Personal information
- Nationality: Italy
- Born: 26 August 1981 (age 44) Albenga, Italy
- Height: 1.85 m (6 ft 1 in)
- Weight: 90 kg (198 lb)

Sailing career
- Sport: Sailing
- Club: G.S. Fiamme Gialle
- Coached by: Valentin Mankin (personal) Michele Marchesini (national)
- Class: Dinghy

= Giorgio Poggi =

Italian sailor (born 1981)

Giorgio Poggi (born 26 August 1981 in Albenga) is an Italian sailor who specializes in the Finn class. He has been selected to compete for the Italian sailing team at the 2008 Summer Olympics, and has come close to an Olympic medal race in the Finn fleet (finishing in eleventh place). Currently, Poggi is ranked nineteenth in the world for his respective sailing class by ISAF, following some of his successes at the Finn Gold Cup, World Championships, and the World Cup series.

==Biography==
Poggi started sailing at the age of twelve and then first competed as an Optimist and Laser specialist. In 2006, he gained weight and decided to move to the heavier Finn class. Throughout his pre-Olympic career, Poggi had produced a total of six gold medals in different sailing classes at the Italian national championships (from 2002 to 2008). While competing in the sport, Poggi worked as a member of the police force and sailing fleet for Gruppi Sportivi Fiamme Gialle, under the tutelage of his well-accomplished coaches: 2004 Olympian Michele Marchesini and three-time Olympic champion Valentin Mankin of the former Soviet Union.
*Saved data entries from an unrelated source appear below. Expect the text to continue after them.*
lemma negbin_coeff_pos: "0 < a \<Longrightarrow> 0 < negbin_coeff a n"
  unfolding negbin_coeff_def by (simp add: pochhammer_pos)

lemma negbin_coeff_le_one:
  assumes "0 < a" "a \<le> 1"
  shows "negbin_coeff a n \<le> 1"
proof (induction n)
  case 0
  then show ?case by (simp add: negbin_coeff_def)
next
  case (Suc n)
  have "negbin_coeff a (Suc n) = negbin_coeff a n * ((a + n) / Suc n)"
    by (simp add: negbin_coeff_def pochhammer_Suc field_simps)
  also have "\<dots> \<le> 1 * 1"
    using Suc assms negbin_coeff_pos[of a n] by (intro mult_mono) (auto simp: field_simps)
  finally show ?case by simp
qed

lemma sums_negbin_coeff:
  fixes z :: complex
  assumes "norm z < 1"
  shows "(\<lambda>n. of_real (negbin_coeff a n) * z ^ n) sums (1 - z) powr (- of_real a)"
proof -
  have "((- of_real a :: complex) gchoose n) * (- z) ^ n = of_real (negbin_coeff a n) * z ^ n" for n
  proof -
    have "((- of_real a :: complex) gchoose n) * (- z) ^ n
            = ((-1) ^ n * (-1) ^ n) * (pochhammer (of_real a) n / fact n) * z ^ n"
      by (simp only: gbinomial_pochhammer minus_minus power_minus[of z]) (simp add: field_simps)
    also have "\<dots> = of_real (negbin_coeff a n) * z ^ n"
      by (simp add: negbin_coeff_def pochhammer_of_real flip: power_mult_distrib)
    finally show ?thesis .
  qed
  with gen_binomial_complex[of "- z" "- of_real a"] assms show ?thesis
    by simp
qed
(* Let $(M,d)$ be a metric space and let $\mathcal S$ be a semigroup (under composition) of self-mappings of $M$ generated by a family of uniformly asymptotically regular mappings. Suppose $\mathcal S$ is subsurjective, i.e. there is a nonempty set $D\subset M$ such that $T(D)=D$ for every $T\in\mathcal S$. Then $\mathcal S$ has a common fixed point: there is $x\in M$ with $Tx=x$ for all $T\in\mathcal S$.
   Context: A mapping $T:M\to M$ is uniformly asymptotically regular if $\lim_{n\to\infty}\sup_{x\in M} d(T^{n+1}x,T^{n}x)=0$. *)

theory Defs
  imports "HOL-Analysis.Analysis"
begin

definition unif_asym_reg :: "('a::metric_space \<Rightarrow> 'a) \<Rightarrow> bool" where
  "unif_asym_reg T \<longleftrightarrow>
     (\<lambda>n. SUP x. ereal (dist ((T ^^ Suc n) x) ((T ^^ n) x))) \<longlonglongrightarrow> 0"

inductive_set gen_semigroup :: "('a \<Rightarrow> 'a) set \<Rightarrow> ('a \<Rightarrow> 'a) set" for F where
  base: "T \<in> F \<Longrightarrow> T \<in> gen_semigroup F"
| comp: "S \<in> gen_semigroup F \<Longrightarrow> T \<in> gen_semigroup F \<Longrightarrow> S \<circ> T \<in> gen_semigroup F"

end

theory Submission
  imports Defs
begin

text \<open>A point of an invariant set D lies in the image of every iterate T^n, say x = T^n y, so
  d(T x, x) = d(T^(n+1) y, T^n y) is bounded by the n-th supremum in the definition of uniform
  asymptotic regularity; these tend to 0, hence x is a fixed point of every generator.
  A point fixed by all generators is fixed by every composition of them.\<close>

lemma funpow_image_eq:
  assumes "f ` A = A"
  shows "(f ^^ n) ` A = A"
proof (induction n)
  case 0
  then show ?case by simp
next
  case (Suc n)
  have "(f ^^ Suc n) ` A = f ` ((f ^^ n) ` A)" by (simp add: image_comp)
  then show ?case using Suc assms by simp
qed

lemma dist_le_SUP_funpow:
  fixes T :: "'a::metric_space \<Rightarrow> 'a"
  assumes "x \<in> range (T ^^ n)"
  shows "ereal (dist (T x) x) \<le> (SUP y. ereal (dist ((T ^^ Suc n) y) ((T ^^ n) y)))"
proof -
  obtain y where y: "x = (T ^^ n) y" using assms by blast
  have "ereal (dist (T x) x) = ereal (dist ((T ^^ Suc n) y) ((T ^^ n) y))"
    using y by simp
  also have "\<dots> \<le> (SUP y. ereal (dist ((T ^^ Suc n) y) ((T ^^ n) y)))"
    by (rule SUP_upper) simp
  finally show ?thesis .
qed

lemma unif_asym_reg_fixes_range_funpow:
  fixes T :: "'a::metric_space \<Rightarrow> 'a"
  assumes "unif_asym_reg T" and "\<And>n. x \<in> range (T ^^ n)"
  shows "T x = x"
proof -
  have "ereal (dist (T x) x) \<le> 0"
  proof (rule LIMSEQ_le_const)
    show "(\<lambda>n. SUP y. ereal (dist ((T ^^ Suc n) y) ((T ^^ n) y))) \<longlonglongrightarrow> 0"
      using assms(1) unfolding unif_asym_reg_def .
    show "\<exists>N. \<forall>n\<ge>N. ereal (dist (T x) x) \<le> (SUP y. ereal (dist ((T ^^ Suc n) y) ((T ^^ n) y)))"
      using dist_le_SUP_funpow[OF assms(2)] by blast
  qed
  then show ?thesis by simp
qed

lemma unif_asym_reg_fixes_invariant_set:
  fixes T :: "'a::metric_space \<Rightarrow> 'a"
  assumes "unif_asym_reg T" and "T ` D = D" and "x \<in> D"
  shows "T x = x"
proof (rule unif_asym_reg_fixes_range_funpow[OF assms(1)])
  show "x \<in> range (T ^^ n)" for n
    using funpow_image_eq[OF assms(2), of n] assms(3) by blast
qed

lemma gen_semigroup_fixes:
  assumes "\<And>T. T \<in> F \<Longrightarrow> T x = x" and "S \<in> gen_semigroup F"
  shows "S x = x"
  using assms(2)
proof induction
  case (base T)
  then show ?case by (rule assms(1))
next
  case (comp S T)
  then show ?case by simp
qed

theorem theorem3p10:
  fixes F :: "('a::metric_space \<Rightarrow> 'a) set" and D :: "'a set"
  assumes "\<forall>T\<in>F. unif_asym_reg T"
    and "D \<noteq> {}"
    and "\<forall>T\<in>gen_semigroup F. T ` D = D"
  shows "\<exists>x. \<forall>T\<in>gen_semigroup F. T x = x"
proof -
  obtain x where x: "x \<in> D" using assms(2) by blast
  have "T x = x" if "T \<in> F" for T
    using unif_asym_reg_fixes_invariant_set[of T D x] assms(1,3) gen_semigroup.base[OF that] that x
    by blast
  then show ?thesis using gen_semigroup_fixes[of F x] by blast
qed

end
lemma crisp_det_iff_transition_fun:
  assumes "strong_bimonoid K"
  shows "crisp_det K rk D \<longleftrightarrow> (\<exists>d. transition_fun K rk D d)"
proof
  assume cd: "crisp_det K rk D"
  define d where "d \<sigma> ps = (THE q. q \<in> states D \<and> delta D ps \<sigma> q = bone K)" for \<sigma> ps
  have "d \<sigma> ps \<in> states D \<and> (\<forall>q\<in>states D. delta D ps \<sigma> q = unit_vector K (states D) (d \<sigma> ps) q)"
    if "ps \<in> tuples (states D) (rk \<sigma>)" for \<sigma> ps
  proof -
    have unique: "\<exists>!q. q \<in> states D \<and> delta D ps \<sigma> q = bone K"
      and others: "\<forall>q\<in>states D. delta D ps \<sigma> q \<noteq> bone K \<longrightarrow> delta D ps \<sigma> q = bzero K"
      using cd that unfolding crisp_det_def by auto
    have "d \<sigma> ps \<in> states D \<and> delta D ps \<sigma> (d \<sigma> ps) = bone K"
      unfolding d_def using theI'[OF unique] .
    with unique others show ?thesis by (auto simp: unit_vector_def)
  qed
  then show "\<exists>d. transition_fun K rk D d" unfolding transition_fun_def by blast
next
  assume "\<exists>d. transition_fun K rk D d"
  then obtain d where d: "transition_fun K rk D d" ..
  show "crisp_det K rk D"
    unfolding crisp_det_def
  proof (intro allI impI conjI)
    fix \<sigma> ps assume "ps \<in> tuples (states D) (rk \<sigma>)"
    then have reached: "d \<sigma> ps \<in> states D"
      and step: "\<forall>q\<in>states D. delta D ps \<sigma> q = (if q = d \<sigma> ps then bone K else bzero K)"
      using d by (auto simp: transition_fun_def unit_vector_def)
    show "\<exists>!q. q \<in> states D \<and> delta D ps \<sigma> q = bone K"
      using reached step strong_bimonoid_simps(7)[OF assms]
      by (intro ex1I[of _ "d \<sigma> ps"]) (auto split: if_splits)
    show "\<forall>q\<in>states D. delta D ps \<sigma> q \<noteq> bone K \<longrightarrow> delta D ps \<sigma> q = bzero K"
      using step by auto
  qed
qed
(* Let $n\ge 2$ and let $\mathbf{C}_n=\langle C_n,\wedge,\vee,\to,0,1\rangle$ be a semi-Heyting algebra whose lattice reduct is the chain $C_n=\{a_0<a_1<\cdots<a_{n-1}\}$ with $a_0=0$, $a_{n-1}=1$. Then the set $C_n\setminus\{a_0\}=\{a_1,\dots,a_{n-1}\}$ is closed under $\wedge,\vee,\to$ (in particular $a\to b\neq a_0$ for all $a,b\in C_n\setminus\{a_0\}$), and $\mathbf{S}_{n-1}=\langle C_n\setminus\{a_0\},\wedge,\vee,\to,a_1,1\rangle$ (with the restricted operations, bottom $a_1$ and top $1$) is a semi-Heyting algebra.
   Context: A semi-Heyting algebra is an algebra $\langle L,\vee,\wedge,\to,0,1\rangle$ such that: (SH1) $\langle L,\vee,\wedge,0,1\rangle$ is a bounded lattice with least element $0$ and greatest element $1$; (SH2) $x\wedge(x\to y)=x\wedge y$; (SH3) $x\wedge(y\to z)=x\wedge[(x\wedge y)\to(x\wedge z)]$; (SH4) $x\to x=1$, for all $x,y,z\in L$. *)

theory Defs
  imports Main
begin

definition bounded_lattice_on ::
  "'a set \<Rightarrow> ('a \<Rightarrow> 'a \<Rightarrow> 'a) \<Rightarrow> ('a \<Rightarrow> 'a \<Rightarrow> 'a) \<Rightarrow> 'a \<Rightarrow> 'a \<Rightarrow> bool" where
  "bounded_lattice_on L jn mt z u \<longleftrightarrow>
     z \<in> L \<and> u \<in> L \<and>
     (\<forall>x\<in>L. \<forall>y\<in>L. jn x y \<in> L \<and> mt x y \<in> L) \<and>
     (\<forall>x\<in>L. \<forall>y\<in>L. jn x y = jn y x \<and> mt x y = mt y x) \<and>
     (\<forall>x\<in>L. \<forall>y\<in>L. \<forall>w\<in>L. jn x (jn y w) = jn (jn x y) w \<and> mt x (mt y w) = mt (mt x y) w) \<and>
     (\<forall>x\<in>L. \<forall>y\<in>L. jn x (mt x y) = x \<and> mt x (jn x y) = x) \<and>
     (\<forall>x\<in>L. jn z x = x \<and> mt u x = x)"

definition semi_heyting_on ::
  "'a set \<Rightarrow> ('a \<Rightarrow> 'a \<Rightarrow> 'a) \<Rightarrow> ('a \<Rightarrow> 'a \<Rightarrow> 'a) \<Rightarrow> ('a \<Rightarrow> 'a \<Rightarrow> 'a) \<Rightarrow> 'a \<Rightarrow> 'a \<Rightarrow> bool" where
  "semi_heyting_on L jn mt imp z u \<longleftrightarrow>
     bounded_lattice_on L jn mt z u \<and>
     (\<forall>x\<in>L. \<forall>y\<in>L. imp x y \<in> L) \<and>
     (\<forall>x\<in>L. \<forall>y\<in>L. mt x (imp x y) = mt x y) \<and>
     (\<forall>x\<in>L. \<forall>y\<in>L. \<forall>w\<in>L. mt x (imp y w) = mt x (imp (mt x y) (mt x w))) \<and>
     (\<forall>x\<in>L. imp x x = u)"

end

theory Submission
  imports Defs
begin

text \<open>If the nonzero elements of a semi-Heyting algebra are closed under meet, they are also
closed under join (by absorption, \<open>x = x \<and> (x \<or> y)\<close>) and under implication (by SH2,
\<open>x \<and> (x \<rightarrow> y) = x \<and> y \<noteq> 0\<close>). All identities SH1--SH4 restrict to the subset, so it is again
a semi-Heyting algebra as soon as it has a least element. In a finite chain the nonzero
elements are meet-closed, with least element \<open>a\<^sub>1\<close>.\<close>

lemma bounded_lattice_onD:
  assumes "bounded_lattice_on L jn mt z u"
  shows "z \<in> L" "u \<in> L"
    and "x \<in> L \<Longrightarrow> y \<in> L \<Longrightarrow> jn x y \<in> L"
    and "x \<in> L \<Longrightarrow> y \<in> L \<Longrightarrow> mt x y \<in> L"
    and "x \<in> L \<Longrightarrow> y \<in> L \<Longrightarrow> jn x y = jn y x"
    and "x \<in> L \<Longrightarrow> y \<in> L \<Longrightarrow> mt x y = mt y x"
    and "x \<in> L \<Longrightarrow> y \<in> L \<Longrightarrow> jn x (mt x y) = x"
    and "x \<in> L \<Longrightarrow> y \<in> L \<Longrightarrow> mt x (jn x y) = x"
    and "x \<in> L \<Longrightarrow> jn z x = x"
  using assms unfolding bounded_lattice_on_def by blast+

lemma semi_heyting_onD:
  assumes "semi_heyting_on L jn mt imp z u"
  shows "bounded_lattice_on L jn mt z u"
    and "x \<in> L \<Longrightarrow> y \<in> L \<Longrightarrow> imp x y \<in> L"
    and "x \<in> L \<Longrightarrow> y \<in> L \<Longrightarrow> mt x (imp x y) = mt x y"
  using assms unfolding semi_heyting_on_def by blast+

lemma bounded_lattice_on_mt_idem:
  assumes bl: "bounded_lattice_on L jn mt z u" and x: "x \<in> L"
  shows "mt x x = x"
proof -
  have "mt x x = mt x (jn x (mt x x))" using bounded_lattice_onD(7)[OF bl x x] by simp
  also have "\<dots> = x" using bounded_lattice_onD(4,8)[OF bl] x by blast
  finally show ?thesis .
qed

lemma bounded_lattice_on_mt_bot:
  assumes bl: "bounded_lattice_on L jn mt z u" and x: "x \<in> L"
  shows "mt x z = z"
proof -
  have z: "z \<in> L" using bounded_lattice_onD(1)[OF bl] .
  have "mt x z = mt z (jn z x)" using bounded_lattice_onD(6,9)[OF bl] x z by simp
  also have "\<dots> = z" using bounded_lattice_onD(8)[OF bl z x] .
  finally show ?thesis .
qed

lemma bounded_lattice_on_jn_eq_bot:
  assumes bl: "bounded_lattice_on L jn mt z u" and x: "x \<in> L" and y: "y \<in> L"
    and "jn x y = z"
  shows "x = z"
proof -
  have "x = mt x (jn x y)" using bounded_lattice_onD(8)[OF bl x y] by simp
  also have "\<dots> = z" using bounded_lattice_on_mt_bot[OF bl x] assms(4) by simp
  finally show ?thesis .
qed

lemma semi_heyting_on_imp_eq_bot:
  assumes SH: "semi_heyting_on L jn mt imp z u" and x: "x \<in> L" and y: "y \<in> L"
    and "imp x y = z"
  shows "mt x y = z"
proof -
  have "mt x y = mt x (imp x y)" using semi_heyting_onD(3)[OF SH x y] by simp
  also have "\<dots> = z"
    using bounded_lattice_on_mt_bot[OF semi_heyting_onD(1)[OF SH] x] assms(4) by simp
  finally show ?thesis .
qed

lemma semi_heyting_on_ops_closed_minus_bot:
  assumes SH: "semi_heyting_on L jn mt imp z u"
    and mt_nonzero: "\<And>x y. x \<in> L - {z} \<Longrightarrow> y \<in> L - {z} \<Longrightarrow> mt x y \<noteq> z"
  shows "\<forall>x\<in>L - {z}. \<forall>y\<in>L - {z}.
           mt x y \<in> L - {z} \<and> jn x y \<in> L - {z} \<and> imp x y \<in> L - {z}"
proof (intro ballI conjI)
  fix x y assume x: "x \<in> L - {z}" and y: "y \<in> L - {z}"
  have bl: "bounded_lattice_on L jn mt z u" using semi_heyting_onD(1)[OF SH] .
  show "mt x y \<in> L - {z}"
    using bounded_lattice_onD(4)[OF bl] mt_nonzero[OF x y] x y by blast
  show "jn x y \<in> L - {z}"
    using bounded_lattice_onD(3)[OF bl] bounded_lattice_on_jn_eq_bot[OF bl] x y by blast
  show "imp x y \<in> L - {z}"
    using semi_heyting_onD(2)[OF SH] semi_heyting_on_imp_eq_bot[OF SH] mt_nonzero[OF x y] x y
    by blast
qed

lemma semi_heyting_on_minus_bot:
  assumes SH: "semi_heyting_on L jn mt imp z u"
    and mt_nonzero: "\<And>x y. x \<in> L - {z} \<Longrightarrow> y \<in> L - {z} \<Longrightarrow> mt x y \<noteq> z"
    and b: "b \<in> L - {z}" and b_least: "\<And>x. x \<in> L - {z} \<Longrightarrow> jn b x = x"
    and u_nonzero: "u \<noteq> z"
  shows "semi_heyting_on (L - {z}) jn mt imp b u"
proof -
  have closed: "\<forall>x\<in>L - {z}. \<forall>y\<in>L - {z}.
      mt x y \<in> L - {z} \<and> jn x y \<in> L - {z} \<and> imp x y \<in> L - {z}"
    using semi_heyting_on_ops_closed_minus_bot[OF SH mt_nonzero] .
  have "bounded_lattice_on (L - {z}) jn mt b u"
    using semi_heyting_onD(1)[OF SH] closed b b_least u_nonzero
    unfolding bounded_lattice_on_def by blast
  then show ?thesis using SH closed unfolding semi_heyting_on_def by blast
qed

lemma bounded_lattice_on_chain_mt:
  fixes a :: "nat \<Rightarrow> 'a"
  assumes bl: "bounded_lattice_on L jn mt z u" and aL: "a ` {..<n} \<subseteq> L"
    and chain: "\<And>i j. i < j \<Longrightarrow> j < n \<Longrightarrow> mt (a i) (a j) = a i"
    and i: "i < n" and j: "j < n"
  shows "mt (a i) (a j) = a (min i j)"
proof (cases i j rule: linorder_cases)
  case less then show ?thesis using chain j by (simp add: min_def)
next
  case equal then show ?thesis using bounded_lattice_on_mt_idem[OF bl] aL i by auto
next
  case greater
  have "mt (a i) (a j) = mt (a j) (a i)" using bounded_lattice_onD(6)[OF bl] aL i j by auto
  then show ?thesis using chain greater i by (simp add: min_def)
qed

lemma bounded_lattice_on_chain_jn:
  fixes a :: "nat \<Rightarrow> 'a"
  assumes bl: "bounded_lattice_on L jn mt z u" and aL: "a ` {..<n} \<subseteq> L"
    and chain: "\<And>i j. i < j \<Longrightarrow> j < n \<Longrightarrow> mt (a i) (a j) = a i"
    and i: "i < n" and j: "j < n"
  shows "jn (a i) (a j) = a (max i j)"
proof -
  have ai: "a i \<in> L" and aj: "a j \<in> L" using aL i j by auto
  show ?thesis
  proof (cases "i \<le> j")
    case True
    have "jn (a i) (a j) = jn (a j) (mt (a j) (a i))"
      using bounded_lattice_onD(5)[OF bl ai aj] bounded_lattice_on_chain_mt[OF bl aL chain j i] True
      by (simp add: min_def)
    also have "\<dots> = a j" using bounded_lattice_onD(7)[OF bl aj ai] .
    finally show ?thesis using True by (simp add: max_def)
  next
    case False
    have "jn (a i) (a j) = jn (a i) (mt (a i) (a j))"
      using bounded_lattice_on_chain_mt[OF bl aL chain i j] False by (simp add: min_def)
    also have "\<dots> = a i" using bounded_lattice_onD(7)[OF bl ai aj] .
    finally show ?thesis using False by (simp add: max_def)
  qed
qed

lemma bounded_lattice_on_chain_mt_closed:
  fixes a :: "nat \<Rightarrow> 'a"
  assumes bl: "bounded_lattice_on L jn mt z u" and aL: "a ` {..<n} \<subseteq> L"
    and chain: "\<And>i j. i < j \<Longrightarrow> j < n \<Longrightarrow> mt (a i) (a j) = a i"
    and x: "x \<in> a ` {k..<n}" and y: "y \<in> a ` {k..<n}"
  shows "mt x y \<in> a ` {k..<n}"
proof -
  obtain i j where "i \<in> {k..<n}" "j \<in> {k..<n}" "x = a i" "y = a j" using x y by blast
  then show ?thesis using bounded_lattice_on_chain_mt[OF bl aL chain, of i j] by (simp add: min_def)
qed

lemma bounded_lattice_on_chain_jn_least:
  fixes a :: "nat \<Rightarrow> 'a"
  assumes bl: "bounded_lattice_on L jn mt z u" and aL: "a ` {..<n} \<subseteq> L"
    and chain: "\<And>i j. i < j \<Longrightarrow> j < n \<Longrightarrow> mt (a i) (a j) = a i"
    and x: "x \<in> a ` {k..<n}"
  shows "jn (a k) x = x"
proof -
  obtain i where "i \<in> {k..<n}" "x = a i" using x by blast
  then show ?thesis using bounded_lattice_on_chain_jn[OF bl aL chain, of k i] by simp
qed

lemma image_lessThan_minus_first:
  fixes a :: "nat \<Rightarrow> 'a"
  assumes "\<And>i. 0 < i \<Longrightarrow> i < n \<Longrightarrow> a i \<noteq> a 0"
  shows "a ` {..<n} - {a 0} = a ` {1..<n}"
proof (intro equalityI subsetI)
  fix x assume "x \<in> a ` {..<n} - {a 0}"
  then obtain i where "i < n" "x = a i" "a i \<noteq> a 0" by blast
  then show "x \<in> a ` {1..<n}" by (cases i) auto
next
  fix x assume "x \<in> a ` {1..<n}"
  then show "x \<in> a ` {..<n} - {a 0}" using assms by auto
qed

theorem mainTheorem1:
  fixes C :: "'a set" and jn mt imp :: "'a \<Rightarrow> 'a \<Rightarrow> 'a" and z u :: 'a
    and a :: "nat \<Rightarrow> 'a" and n :: nat
  assumes n2: "n \<ge> 2"
    and SH: "semi_heyting_on C jn mt imp z u"
    and carrier: "C = a ` {..<n}"
    and chain: "\<And>i j. i < j \<Longrightarrow> j < n \<Longrightarrow> mt (a i) (a j) = a i \<and> a i \<noteq> a j"
    and a0: "a 0 = z"
    and an: "a (n - 1) = u"
  shows "(\<forall>x\<in>C - {a 0}. \<forall>y\<in>C - {a 0}.
            mt x y \<in> C - {a 0} \<and> jn x y \<in> C - {a 0} \<and> imp x y \<in> C - {a 0})
         \<and> semi_heyting_on (C - {a 0}) jn mt imp (a 1) u"
proof -
  have bl: "bounded_lattice_on C jn mt z u" using semi_heyting_onD(1)[OF SH] .
  have aC: "a ` {..<n} \<subseteq> C" using carrier by simp
  have mt_chain: "\<And>i j. i < j \<Longrightarrow> j < n \<Longrightarrow> mt (a i) (a j) = a i" using chain by blast
  have "a ` {..<n} - {a 0} = a ` {1..<n}"
    by (rule image_lessThan_minus_first) (metis chain)
  then have nonzero: "C - {z} = a ` {1..<n}" using carrier a0 by simp
  have mt_nonzero: "mt x y \<noteq> z" if "x \<in> C - {z}" "y \<in> C - {z}" for x y
  proof -
    have "mt x y \<in> C - {z}"
      using bounded_lattice_on_chain_mt_closed[OF bl aC mt_chain that[unfolded nonzero]]
      unfolding nonzero .
    then show ?thesis by blast
  qed
  have least: "jn (a 1) x = x" if "x \<in> C - {z}" for x
    using bounded_lattice_on_chain_jn_least[OF bl aC mt_chain that[unfolded nonzero]] .
  have "a 1 \<in> C - {z}" "a (n - 1) \<in> C - {z}" unfolding nonzero using n2 by auto
  then show ?thesis
    using semi_heyting_on_ops_closed_minus_bot[OF SH mt_nonzero]
      semi_heyting_on_minus_bot[OF SH mt_nonzero _ least] unfolding a0 an by simp
qed

end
Leading up to his Olympic debut, Poggi managed to get 169 points to place nineteenth and assure one of the six available Olympic berths at the ISAF Finn Gold Cup in Melbourne, Australia. At the 2008 Beijing Olympics, Poggi sailed a marvelous stretch to record a net grade of 74 after eight races in the Finn class, but missed out a chance to compete for the Olympic medal by just eight notches behind Spain's Rafael Trujillo, finishing in eleventh overall.